Pouvons-nous nous inspirer de la vision humaine pour augmenter l’autonomie des machines et l’efficacité des secteurs opérationnels de nos sociétés ? Cette question ne relève pas de la science-fiction, car il existe une technologie qui permet la reconstruction en temps réel d’une image tridimensionnelle (3D) de notre environnement, imitant nos yeux, mais dépassant par certains aspects les capacités de la vision humaine. Cette technologie c’est la « Détection et télémétrie par lumière » ou “LiDAR” (pour light detection and ranging) et existe depuis les années 60, étant en fait le descendant du Radar utilisé dans les aéroports et les ports pour une navigation sécurisée.

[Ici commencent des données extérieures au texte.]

lemma finite_V: "finite V"
  and edge_sym: "E x y \<Longrightarrow> E y x"
  and edge_irrefl: "\<not> E x x"
  and edge_fst: "E x y \<Longrightarrow> x \<in> V"
  and edge_snd: "E x y \<Longrightarrow> y \<in> V"
  using graph unfolding graph_def by blast+

lemma induced_subgraph: "X \<subseteq> V \<Longrightarrow> fin_graph X (induced_edges E X)"
  using graph finite_subset unfolding fin_graph_def graph_def induced_edges_def by blast

lemma total_dominating_set_card_ge_2:
  assumes "total_dominating_set V E S" "V \<noteq> {}"
  shows "2 \<le> card S"
proof -
  obtain v where "v \<in> V" using assms(2) by auto
  then obtain u where u: "u \<in> S" "E u v" using assms(1) unfolding total_dominating_set_iff by auto
  then obtain w where w: "w \<in> S" "E w u"
    using assms(1) edge_fst unfolding total_dominating_set_iff by blast
  have "finite S" using assms(1) finite_V finite_subset unfolding total_dominating_set_iff by blast
  moreover have "w \<noteq> u" using w edge_irrefl by blast
  ultimately show ?thesis using card_mono[of S "{u, w}"] u w by auto
qed

lemma connected_edge_leaving:
  assumes "connected_graph V E" "A \<subseteq> V" "x \<in> A" "y \<in> V - A"
  shows "\<exists>a\<in>A. \<exists>b\<in>V - A. E a b"
proof -
  have "E\<^sup>*\<^sup>* x y" using assms unfolding connected_graph_def by auto
  then have "y \<notin> A \<Longrightarrow> \<exists>a\<in>A. \<exists>b. b \<notin> A \<and> E a b"
  proof (induction rule: rtranclp_induct)
    case base then show ?case using assms(3) by auto
  next
    case (step y z) then show ?case by (cases "y \<in> A") auto
  qed
  then show ?thesis using assms(4) edge_snd by blast
qed

lemma connected_nontrivial_has_neighbour:
  assumes "connected_graph V E" "nontrivial_graph V E" "x \<in> V"
  shows "\<exists>y. E x y"
proof -
  have "\<not> V \<subseteq> {x}"
    using assms(2) card_mono[of "{x}" V] unfolding nontrivial_graph_def by auto
  then obtain y where "y \<in> V - {x}" by auto
  then show ?thesis using connected_edge_leaving[OF assms(1), of "{x}" x y] assms(3) by auto
qed

lemma total_dominating_set_extend:
  assumes no_isolated: "\<forall>x\<in>V. \<exists>y. E x y" and "X \<subseteq> V" "R \<subseteq> V"
    and "V - nbhd V E X \<subseteq> R"
  shows "\<exists>T. total_dominating_set V E T \<and> card T \<le> card X + card R"
proof -
  define g where "g r = (SOME y. E r y)" for r
  have g: "E r (g r)" if "r \<in> V" for r unfolding g_def using no_isolated that by (metis someI_ex)
  let ?T = "X \<union> g ` R"
  have "\<exists>u\<in>?T. E u v" if "v \<in> V" for v
  proof (cases "v \<in> nbhd V E X")
    case True then show ?thesis unfolding nbhd_iff by auto
  next
    case False
    then have "v \<in> R" using assms(4) that by blast
    then show ?thesis using g[OF that] edge_sym by blast
  qed
  moreover have "?T \<subseteq> V" using assms(2,3) g edge_snd by blast
  ultimately have "total_dominating_set V E ?T" unfolding total_dominating_set_iff by blast
  moreover have "card ?T \<le> card X + card R"
    using card_Un_le[of X "g ` R"] card_image_le[of R g] finite_subset[OF assms(3) finite_V] by linarith
  ultimately show ?thesis by blast
qed
theorem mainTheorem5:
  fixes a b :: ereal and f g :: "real \<Rightarrow> real" and c lam :: real
  assumes ab: "a < b"
    and fdiff: "\<forall>x\<in>eint a b. f differentiable (at x)"
    and gdiff: "\<forall>x\<in>eint a b. g differentiable (at x)"
    and g'nz: "\<forall>x\<in>eint a b. deriv g x \<noteq> 0"
    and c: "c \<in> eint a b"
    and cases: "(strictly_incr_on (eint a (ereal c)) (\<lambda>x. deriv f x / deriv g x) \<and>
                 strictly_decr_on (eint (ereal c) b) (\<lambda>x. deriv f x / deriv g x))
              \<or> (strictly_decr_on (eint a (ereal c)) (\<lambda>x. deriv f x / deriv g x) \<and>
                 strictly_incr_on (eint (ereal c) b) (\<lambda>x. deriv f x / deriv g x))"
  shows
    "(((f \<longlongrightarrow> 0) (at_right_ereal a) \<and> (g \<longlongrightarrow> 0) (at_right_ereal a) \<and>
      ((\<lambda>x. f x / g x) \<longlongrightarrow> lam) (at_right_ereal a)) \<longrightarrow>
       ((strictly_incr_on (eint a (ereal c)) (\<lambda>x. deriv f x / deriv g x) \<and>
         strictly_decr_on (eint (ereal c) b) (\<lambda>x. deriv f x / deriv g x)) \<longrightarrow>
          ((\<forall>x\<in>eint a b. f x / g x > lam) \<longleftrightarrow>
           (\<exists>L::ereal. ((\<lambda>x. ereal (f x / g x)) \<longlongrightarrow> L) (at_left_ereal b) \<and> L \<ge> ereal lam)))
     \<and> ((strictly_decr_on (eint a (ereal c)) (\<lambda>x. deriv f x / deriv g x) \<and>
         strictly_incr_on (eint (ereal c) b) (\<lambda>x. deriv f x / deriv g x)) \<longrightarrow>
          ((\<forall>x\<in>eint a b. f x / g x < lam) \<longleftrightarrow>
           (\<exists>L::ereal. ((\<lambda>x. ereal (f x / g x)) \<longlongrightarrow> L) (at_left_ereal b) \<and> L \<le> ereal lam))))
   \<and> (((f \<longlongrightarrow> 0) (at_left_ereal b) \<and> (g \<longlongrightarrow> 0) (at_left_ereal b) \<and>
      ((\<lambda>x. f x / g x) \<longlongrightarrow> lam) (at_left_ereal b)) \<longrightarrow>
       ((strictly_incr_on (eint a (ereal c)) (\<lambda>x. deriv f x / deriv g x) \<and>
         strictly_decr_on (eint (ereal c) b) (\<lambda>x. deriv f x / deriv g x)) \<longrightarrow>
          ((\<forall>x\<in>eint a b. f x / g x > lam) \<longleftrightarrow>
           (\<exists>L::ereal. ((\<lambda>x. ereal (f x / g x)) \<longlongrightarrow> L) (at_right_ereal a) \<and> L \<ge> ereal lam)))
     \<and> ((strictly_decr_on (eint a (ereal c)) (\<lambda>x. deriv f x / deriv g x) \<and>
         strictly_incr_on (eint (ereal c) b) (\<lambda>x. deriv f x / deriv g x)) \<longrightarrow>
          ((\<forall>x\<in>eint a b. f x / g x < lam) \<longleftrightarrow>
           (\<exists>L::ereal. ((\<lambda>x. ereal (f x / g x)) \<longlongrightarrow> L) (at_right_ereal a) \<and> L \<le> ereal lam))))"
proof -
  let ?h = "\<lambda>x. deriv f x / deriv g x"
  have mv: "cauchy_mean_value_on (eint a b) f g ?h"
    using cauchy_mean_value_on_deriv[OF is_interval_eint fdiff gdiff g'nz] .
  have mono: "strict_mono_on (eint a b) g \<or> strict_antimono_on (eint a b) g"
    using strict_mono_on_nonzero_deriv[OF is_interval_eint gdiff g'nz] .
  show ?thesis
    using above_limit_at_a_iff[OF c mv mono] below_limit_at_a_iff[OF c mv mono]
      above_limit_at_b_iff[OF c mv mono] below_limit_at_b_iff[OF c mv mono]
    by blast
qed

end
theorem lemma1:
  fixes m n :: nat and \<rho> \<rho>1 \<rho>2 \<rho>3 :: real
  assumes "card (UNIV :: ('a::finite) set) \<ge> 2"
    and "n \<ge> 1" and "m \<ge> 2"
    and "0 < \<rho>" and "\<rho> < 1"
    and "\<rho>1 > 0" and "\<rho>2 > 0" and "\<rho>3 > 0" and "\<rho>1 + \<rho>2 + \<rho>3 \<le> 1"
  shows "irreducible_chain (NFA_class n :: 'a nfa set) (S_matrix (NFA_class n) n \<rho>1 \<rho>2 \<rho>3)
       \<and> irreducible_chain (NFA_class_m m n :: 'a nfa set) (S_matrix (NFA_class_m m n) n \<rho>1 \<rho>2 \<rho>3)
       \<and> irreducible_chain (NFA_class_m' m n :: 'a nfa set) (S_matrix (NFA_class_m' m n) n \<rho>1 \<rho>2 \<rho>3)
       \<and> irreducible_chain (bullet (NFA_class n :: 'a nfa set)) (S_bullet (NFA_class n) n \<rho>)
       \<and> irreducible_chain (bullet (NFA_class_m m n :: 'a nfa set)) (S_bullet (NFA_class_m m n) n \<rho>)
       \<and> irreducible_chain (bullet (NFA_class_m' m n :: 'a nfa set)) (S_bullet (NFA_class_m' m n) n \<rho>)"
proof -
  interpret unconstrained: degree_constraint n "\<lambda>_ :: (nat \<times> 'a \<times> nat) set. True"
    using assms(2) by (rule degree_constraint_unconstrained)
  interpret out_degree: degree_constraint n "bounded_out_degree m n :: (nat \<times> 'a \<times> nat) set \<Rightarrow> bool"
    using assms(2,3) by (rule degree_constraint_bounded_out_degree)
  interpret letter_degree: degree_constraint n "bounded_letter_degree m n :: (nat \<times> 'a \<times> nat) set \<Rightarrow> bool"
    using assms(2,3) by (rule degree_constraint_bounded_letter_degree)
  show ?thesis
    unfolding NFA_class_eq_NFA_subclass
    by (intro conjI unconstrained.irreducible_NFA_subclass[OF assms(6-8)]
        out_degree.irreducible_NFA_subclass[OF assms(6-8)]
        letter_degree.irreducible_NFA_subclass[OF assms(6-8)]
        unconstrained.irreducible_bullet_NFA_subclass[OF assms(4,5)]
        out_degree.irreducible_bullet_NFA_subclass[OF assms(4,5)]
        letter_degree.irreducible_bullet_NFA_subclass[OF assms(4,5)])
qed

end
definition FOr :: "'k fml \<Rightarrow> 'k fml \<Rightarrow> 'k fml" where
  "FOr a b = FNot (FAnd (FNot a) (FNot b))"

lemma sat_FOr [simp]: "sat ord q e (FOr a b) = (sat ord q e a \<or> sat ord q e b)"
  by (simp add: FOr_def)

lemma wf_FOr [simp]: "wf_fml an ord q (FOr a b) = (wf_fml an ord q a \<and> wf_fml an ord q b)"
  by (simp add: FOr_def)

text \<open>Vectors of \<open>K\<^sup>r\<close> are stored in blocks of \<open>r\<close> consecutive variables.\<close>

definition upd_block :: "(nat \<Rightarrow> 'k) \<Rightarrow> nat \<Rightarrow> 'k list \<Rightarrow> nat \<Rightarrow> 'k" where
  "upd_block e b ys i = (if b \<le> i \<and> i < b + length ys then ys ! (i - b) else e i)"

definition env_block :: "(nat \<Rightarrow> 'k) \<Rightarrow> nat \<Rightarrow> nat \<Rightarrow> 'k list" where
  "env_block e b r = map (\<lambda>j. e (b + j)) [0..<r]"

lemma length_env_block [simp]: "length (env_block e b r) = r"
  by (simp add: env_block_def)

lemma nth_env_block [simp]: "j < r \<Longrightarrow> env_block e b r ! j = e (b + j)"
  by (simp add: env_block_def)

lemma env_block_Suc: "env_block e b (Suc r) = env_block e b r @ [e (b + r)]"
  by (simp add: env_block_def)

lemma env_block_upd_block: "length ys = r \<Longrightarrow> env_block (upd_block e b ys) b r = ys"
  by (rule nth_equalityI) (auto simp: upd_block_def)

lemma upd_block_Cons: "upd_block e b (y # ys) = upd_block (e(b := y)) (Suc b) ys"
  by (rule ext) (auto simp: upd_block_def nth_Cons' Suc_diff_Suc)

lemma definable_pred_ex_block:
  "definable_pred an ord q P \<Longrightarrow>
   definable_pred an ord q (\<lambda>e. \<exists>ys. length ys = r \<and> P (upd_block e b ys))"
proof (induction r arbitrary: b)
  case 0
  have "upd_block e b [] = e" for e :: "nat \<Rightarrow> 'a" by (auto simp: upd_block_def fun_eq_iff)
  with 0 show ?case by (simp add: definable_pred_cong)
next
  case (Suc r)
  have "definable_pred an ord q
      (\<lambda>e. \<exists>y. (\<lambda>e. \<exists>ys. length ys = r \<and> P (upd_block e (Suc b) ys)) (e(b := y)))"
    by (rule definable_pred_ex) (rule Suc.IH[OF Suc.prems])
  moreover have "(\<exists>y ys. length ys = r \<and> P (upd_block (e(b := y)) (Suc b) ys)) =
      (\<exists>ys. length ys = Suc r \<and> P (upd_block e b ys))" for e
    by (metis length_Suc_conv upd_block_Cons)
  ultimately show ?case by (simp add: definable_pred_cong)
qed

lemma definable_pred_all_block:
  "definable_pred an ord q P \<Longrightarrow>
   definable_pred an ord q (\<lambda>e. \<forall>ys. length ys = r \<longrightarrow> P (upd_block e b ys))"
  using definable_pred_not[OF definable_pred_ex_block[OF definable_pred_not, of an ord q P r b]]
  by (rule definable_pred_cong) auto
lemma normal_form_exists: "inC w \<or> (\<exists>v \<in> normal_forms. kcong w v)"
proof (induction w)
  case Nil
  show ?case by (auto simp: normal_forms_def intro: kcong.kc_refl)
next
  case (Cons g w)
  then show ?case
  proof
    assume "inC w"
    then show ?thesis by (simp add: inC_Cons)
  next
    assume "\<exists>v \<in> normal_forms. kcong w v"
    then obtain v where v: "v \<in> normal_forms" "kcong w v" by blast
    then have "kcong (g # w) (g # v)" using kcong_context[of w v "[g]" "[]"] by simp
    then show ?thesis using normal_form_Cons[OF v(1), of g] inC_kcong kcong.kc_trans by blast
  qed
qed

lemma kphi_normal_form_nonzero: "v \<in> normal_forms \<Longrightarrow> kphi v \<noteq> B0"
  by (auto simp: normal_forms_def)

lemma kphi_inj_on_normal_forms: "inj_on kphi normal_forms"
  by (auto simp: normal_forms_def inj_on_def)

lemma kphi_eq_B0_iff: "kphi w = B0 \<longleftrightarrow> inC w"
  using normal_form_exists[of w] kphi_inC kphi_kcong kphi_normal_form_nonzero by metis

lemma not_inC_iff: "\<not> inC w \<longleftrightarrow> (\<exists>v \<in> normal_forms. kcong w v)"
  using normal_form_exists[of w] kphi_eq_B0_iff kphi_kcong kphi_normal_form_nonzero by metis

text \<open>The Rees congruence of C is the kernel of kphi, so K_3/C is isomorphic to B_2^1.\<close>
lemma rees_iff_kphi_eq: "rees u v \<longleftrightarrow> kphi u = kphi v"
proof
  assume "rees u v"
  then show "kphi u = kphi v" unfolding rees_def using kphi_eq_B0_iff kphi_kcong by metis
next
  assume eq: "kphi u = kphi v"
  show "rees u v"
  proof (cases "inC u")
    case True
    then show ?thesis using eq kphi_eq_B0_iff unfolding rees_def by metis
  next
    case False
    then obtain u' v' where u': "u' \<in> normal_forms" "kcong u u'"
      and v': "v' \<in> normal_forms" "kcong v v'"
      using eq kphi_eq_B0_iff not_inC_iff by metis
    then have "u' = v'"
      using eq kphi_kcong kphi_inj_on_normal_forms by (metis inj_onD)
    then show ?thesis
      using u' v' unfolding rees_def by (meson kcong.kc_sym kcong.kc_trans)
  qed
qed
lemma D_L_I: "D (e (L m)) (I m) = of_int m * D (e (L 1)) (I 1)"
proof (rule off_diagonal_additive_imp_linear[where f = "\<lambda>m. D (e (L m)) (I m)"])
  fix m n :: int
  show "of_int (m - n) * D (e (L (m + n))) (I (m + n))
      = of_int (m - n) * (D (e (L m)) (I m) + D (e (L n)) (I n))"
    using D_brb[of "L m" "L n" "I (m + n)"]
    by (simp add: basis_of_index_def idx_def D_linear_simps algebra_simps)
qed

lemma D_I_L: "D (e (I m)) (L m) = 0"
proof -
  have antiadd: "D (e (I m)) (L m) + D (e (I n)) (L n) = 0" if "m \<noteq> n" for m n
  proof -
    have "of_int (m - n) * (D (e (I m)) (L m) + D (e (I n)) (L n)) = 0"
      using D_brb[of "I m" "I n" "I (m + n)"]
      by (simp add: basis_of_index_def idx_def D_linear_simps algebra_simps)
    then show ?thesis
      using that by simp
  qed
  let ?c = "\<lambda>m. D (e (I m)) (L m)"
  have "2 * ?c m = (?c m + ?c (m + 1)) - (?c (m + 1) + ?c (m + 2)) + (?c m + ?c (m + 2))"
    by (simp add: algebra_simps)
  also have "\<dots> = 0"
    using antiadd[of m "m + 1"] antiadd[of "m + 1" "m + 2"] antiadd[of m "m + 2"] by simp
  finally show ?thesis
    by simp
qed

lemma D_I_I: "D (e (I m)) (I m) = D (e (I 0)) (I 0) + of_int m * D (e (L 1)) (L 1)"
proof (cases "m = 0")
  case False
  have "of_int m * D (e (I m)) (I m) = of_int m * (D (e (L m)) (L m) + D (e (I 0)) (I 0))"
    using D_brb[of "L m" "I 0" "I m"]
    by (simp add: basis_of_index_def idx_def D_linear_simps algebra_simps)
  then show ?thesis
    using False D_L_L[of m] by simp
qed simp

lemma D_G_G: "D (e (G p)) (G p) = D (e (I 0)) (I 0) / 2 + of_int p * D (e (L 1)) (L 1)"
proof -
  have "D (e (I (p + p))) (I (p + p)) = 2 * D (e (G p)) (G p)"
    using D_brb[of "G p" "G p" "I (p + p)"]
    by (simp add: basis_of_index_def idx_def D_linear_simps)
  then show ?thesis
    using D_I_I[of "p + p"] by (simp add: field_simps)
qed

lemma D_H_G: "D (e (H k)) (G k) = 0"
proof -
  have "of_int (m - 2 * p) * D (e (H (m + p))) (G (m + p)) = 0" for m p
    using D_brb[of "I m" "G p" "G (m + p)"]
    by (simp add: basis_of_index_def idx_def D_linear_simps D_I_L)
  from this[of k 0] this[of "-1" 1] show ?thesis
    by (cases "k = 0") simp_all
qed
text \<open>Polar-type coordinates for the positive quadrant: a point is written as \<open>(r * s, s)\<close> or
  \<open>(s, r * s)\<close> with \<open>s\<close> the larger coordinate and \<open>r \<in> (0, 1)\<close> the ratio of the smaller to
  the larger one; the Jacobian is \<open>s\<close>.\<close>

lemma nn_integral_pair_ratio:
  fixes F :: "real \<times> real \<Rightarrow> ennreal"
  assumes F[measurable]: "F \<in> borel_measurable (lborel \<Otimes>\<^sub>M lborel)"
    and F0: "\<And>x1 x2. x1 \<le> 0 \<or> x2 \<le> 0 \<Longrightarrow> F (x1, x2) = 0"
  shows "(\<integral>\<^sup>+p. F p \<partial>(lborel \<Otimes>\<^sub>M lborel))
    = (\<integral>\<^sup>+r. indicator {0<..<1} r
        * ((\<integral>\<^sup>+s. ennreal s * F (r * s, s) \<partial>lborel) + (\<integral>\<^sup>+s. ennreal s * F (s, r * s) \<partial>lborel)) \<partial>lborel)"
proof -
  have [measurable]: "F \<in> borel_measurable (borel \<Otimes>\<^sub>M borel)"
    using F by (simp cong: measurable_cong_sets)
  have "(\<integral>\<^sup>+p. F p \<partial>(lborel \<Otimes>\<^sub>M lborel))
      = (\<integral>\<^sup>+p. indicator {p. fst p < snd p} p * F p + indicator {p. snd p \<le> fst p} p * F p \<partial>(lborel \<Otimes>\<^sub>M lborel))"
    by (intro nn_integral_cong) (auto simp: indicator_def)
  also have "\<dots> = (\<integral>\<^sup>+p. indicator {p. fst p < snd p} p * F p \<partial>(lborel \<Otimes>\<^sub>M lborel))
      + (\<integral>\<^sup>+p. indicator {p. snd p \<le> fst p} p * F p \<partial>(lborel \<Otimes>\<^sub>M lborel))"
    by (rule nn_integral_add) auto
  also have "(\<integral>\<^sup>+p. indicator {p. fst p < snd p} p * F p \<partial>(lborel \<Otimes>\<^sub>M lborel))
      = (\<integral>\<^sup>+s. \<integral>\<^sup>+x. indicator {..<s} x * F (x, s) \<partial>lborel \<partial>lborel)"
    by (subst lborel_pair.nn_integral_snd[symmetric]) (auto simp: indicator_def)
  also have "(\<integral>\<^sup>+p. indicator {p. snd p \<le> fst p} p * F p \<partial>(lborel \<Otimes>\<^sub>M lborel))
      = (\<integral>\<^sup>+s. \<integral>\<^sup>+x. indicator {..s} x * F (s, x) \<partial>lborel \<partial>lborel)"
    by (subst lborel.nn_integral_fst[symmetric]) (auto simp: indicator_def)
  also have "(\<integral>\<^sup>+s. \<integral>\<^sup>+x. indicator {..s} x * F (s, x) \<partial>lborel \<partial>lborel)
      = (\<integral>\<^sup>+s. \<integral>\<^sup>+x. indicator {..<s} x * F (s, x) \<partial>lborel \<partial>lborel)"
    by (intro nn_integral_cong nn_integral_cong_AE eventually_mono[OF AE_lborel_singleton])
      (auto simp: indicator_def)
  also have "(\<integral>\<^sup>+s. \<integral>\<^sup>+x. indicator {..<s} x * F (x, s) \<partial>lborel \<partial>lborel)
      = (\<integral>\<^sup>+r. indicator {0<..<1} r * (\<integral>\<^sup>+s. ennreal s * F (r * s, s) \<partial>lborel) \<partial>lborel)"
    by (rule nn_integral_below_diagonal[OF F F0])
  also have "(\<integral>\<^sup>+s. \<integral>\<^sup>+x. indicator {..<s} x * F (s, x) \<partial>lborel \<partial>lborel)
      = (\<integral>\<^sup>+r. indicator {0<..<1} r * (\<integral>\<^sup>+s. ennreal s * F (s, r * s) \<partial>lborel) \<partial>lborel)"
    by (rule nn_integral_below_diagonal[where F = "\<lambda>p. F (snd p, fst p)", simplified])
      (auto simp: F0)
  also have "(\<integral>\<^sup>+r. indicator {0<..<1} r * (\<integral>\<^sup>+s. ennreal s * F (r * s, s) \<partial>lborel) \<partial>lborel)
      + (\<integral>\<^sup>+r. indicator {0<..<1} r * (\<integral>\<^sup>+s. ennreal s * F (s, r * s) \<partial>lborel) \<partial>lborel)
      = (\<integral>\<^sup>+r. indicator {0<..<1} r * (\<integral>\<^sup>+s. ennreal s * F (r * s, s) \<partial>lborel)
      + indicator {0<..<1} r * (\<integral>\<^sup>+s. ennreal s * F (s, r * s) \<partial>lborel) \<partial>lborel)"
    by (rule nn_integral_add[symmetric]) measurable
  finally show ?thesis by (simp add: distrib_left)
qed

section \<open>Integrals against the gamma kernel\<close>

definition gamma_kernel :: "real \<Rightarrow> real \<Rightarrow> real" where
  "gamma_kernel b y = (if y > 0 then y powr (b - 1) * exp (- y) else 0)"

lemma gamma_kernel_nonneg: "gamma_kernel b y \<ge> 0"
  by (simp add: gamma_kernel_def)

lemma gamma_kernel_pos: "y > 0 \<Longrightarrow> gamma_kernel b y > 0"
  by (simp add: gamma_kernel_def)

lemma borel_measurable_gamma_kernel [measurable]: "gamma_kernel b \<in> borel_measurable borel"
  unfolding gamma_kernel_def by measurable

lemma nn_integral_gamma_kernel:
  assumes "b > 0"
  shows "(\<integral>\<^sup>+y. ennreal (gamma_kernel b y) \<partial>lborel) = ennreal (Gamma b)"
proof -
  have "ennreal (Gamma b) = (\<integral>\<^sup>+t. ennreal (indicator {0..} t * t powr (b - 1) / exp t) \<partial>lborel)"
    using Gamma_conv_nn_integral_real[OF assms] by simp
  also have "\<dots> = (\<integral>\<^sup>+y. ennreal (gamma_kernel b y) \<partial>lborel)"
    by (intro nn_integral_cong) (auto simp: gamma_kernel_def indicator_def exp_minus field_simps)
  finally show ?thesis ..
qed

lemma has_bochner_integral_gamma_kernel:
  "b > 0 \<Longrightarrow> has_bochner_integral lborel (gamma_kernel b) (Gamma b)"
  by (rule has_bochner_integral_nn_integral) (auto simp: gamma_kernel_nonneg nn_integral_gamma_kernel)

lemma integrable_gamma_kernel: "b > 0 \<Longrightarrow> integrable lborel (gamma_kernel b)"
  using has_bochner_integral_gamma_kernel by (auto simp: has_bochner_integral_iff)

lemma integral_gamma_kernel: "b > 0 \<Longrightarrow> integral\<^sup>L lborel (gamma_kernel b) = Gamma b"
  using has_bochner_integral_gamma_kernel by (auto simp: has_bochner_integral_iff)

lemma ln_squared_le:
  fixes b y :: real
  assumes b: "b > 0" and y: "y > 0"
  shows "(ln y)\<^sup>2 \<le> 4 * y + 16 / b\<^sup>2 * y powr (- b / 2)"
proof (cases "y \<ge> 1")
  case True
  have "ln y = 2 * ln (sqrt y)" using y by (simp add: ln_sqrt)
  also have "\<dots> < 2 * sqrt y" using y ln_less_self[of "sqrt y"] by simp
  finally have "(ln y)\<^sup>2 \<le> (2 * sqrt y)\<^sup>2" using True by (intro power_mono) auto
  also have "\<dots> = 4 * y" using y by (simp add: power_mult_distrib)
  finally show ?thesis using y by (smt (verit) divide_nonneg_nonneg mult_nonneg_nonneg powr_ge_zero zero_le_power2)
next
  case False
  define z where "z = y powr (- b / 4)"
  have "z > 0" using y by (simp add: z_def)
  then have "ln z < z" by (rule ln_less_self)
  moreover have "ln z = - (b/4) * ln y" using y by (simp add: z_def ln_powr)
  ultimately have "- ln y < (4/b) * z" using b by (simp add: field_simps)
  moreover have "ln y \<le> 0" using False y by simp
  ultimately have "(- ln y)\<^sup>2 \<le> ((4/b) * z)\<^sup>2" by (intro power_mono) auto
  also have "\<dots> = 16 / b\<^sup>2 * y powr (- b / 2)"
    using y by (simp add: z_def power_mult_distrib power_divide power2_eq_square powr_add[symmetric])
  finally show ?thesis using y by (smt (verit) power2_minus)
qed

lemma gamma_kernel_ln_squared_le:
  assumes b: "b > 0"
  shows "gamma_kernel b y * (ln y)\<^sup>2 \<le> 4 * gamma_kernel (b + 1) y + 16 / b\<^sup>2 * gamma_kernel (b / 2) y"
proof (cases "y > 0")
  case True
  have "gamma_kernel b y * (ln y)\<^sup>2 \<le> gamma_kernel b y * (4 * y + 16 / b\<^sup>2 * y powr (- b / 2))"
    by (intro mult_left_mono ln_squared_le b True gamma_kernel_nonneg)
  also have "\<dots> = 4 * gamma_kernel (b + 1) y + 16 / b\<^sup>2 * gamma_kernel (b / 2) y"
    using True powr_add[of y "b - 1" 1] powr_add[of y "b - 1" "- b / 2"]
    by (simp add: gamma_kernel_def algebra_simps)
  finally show ?thesis .
qed (simp add: gamma_kernel_def)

Un type classique est le LiDAR à balayage qui comprend trois sous-systèmes clés : un laser, un scanner, et un détecteur. Contrairement au Radar qui utilise des ondes radio, le LiDAR utilise des impulsions laser de longueur d’onde beaucoup plus courte dans l’infrarouge proche. Le laser balaie point par point les différents objets situés dans une scène.
Enfin, le signal réfléchi par les différents points est dirigé vers le détecteur. Sachant que le laser voyage à la vitesse de la lumière et en calculant le temps pour le trajet aller-retour du signal de la source au détecteur (temps de vol), un LiDAR est capable de déterminer la distance le séparant d’objets présents dans son environnement avec une grande précision. L’acquisition des données LiDAR suivie d’un traitement de signal dédié permet la création d’un nuage de points 3D, offrant une cartographie dynamique des différents événements se produisant dans la scène.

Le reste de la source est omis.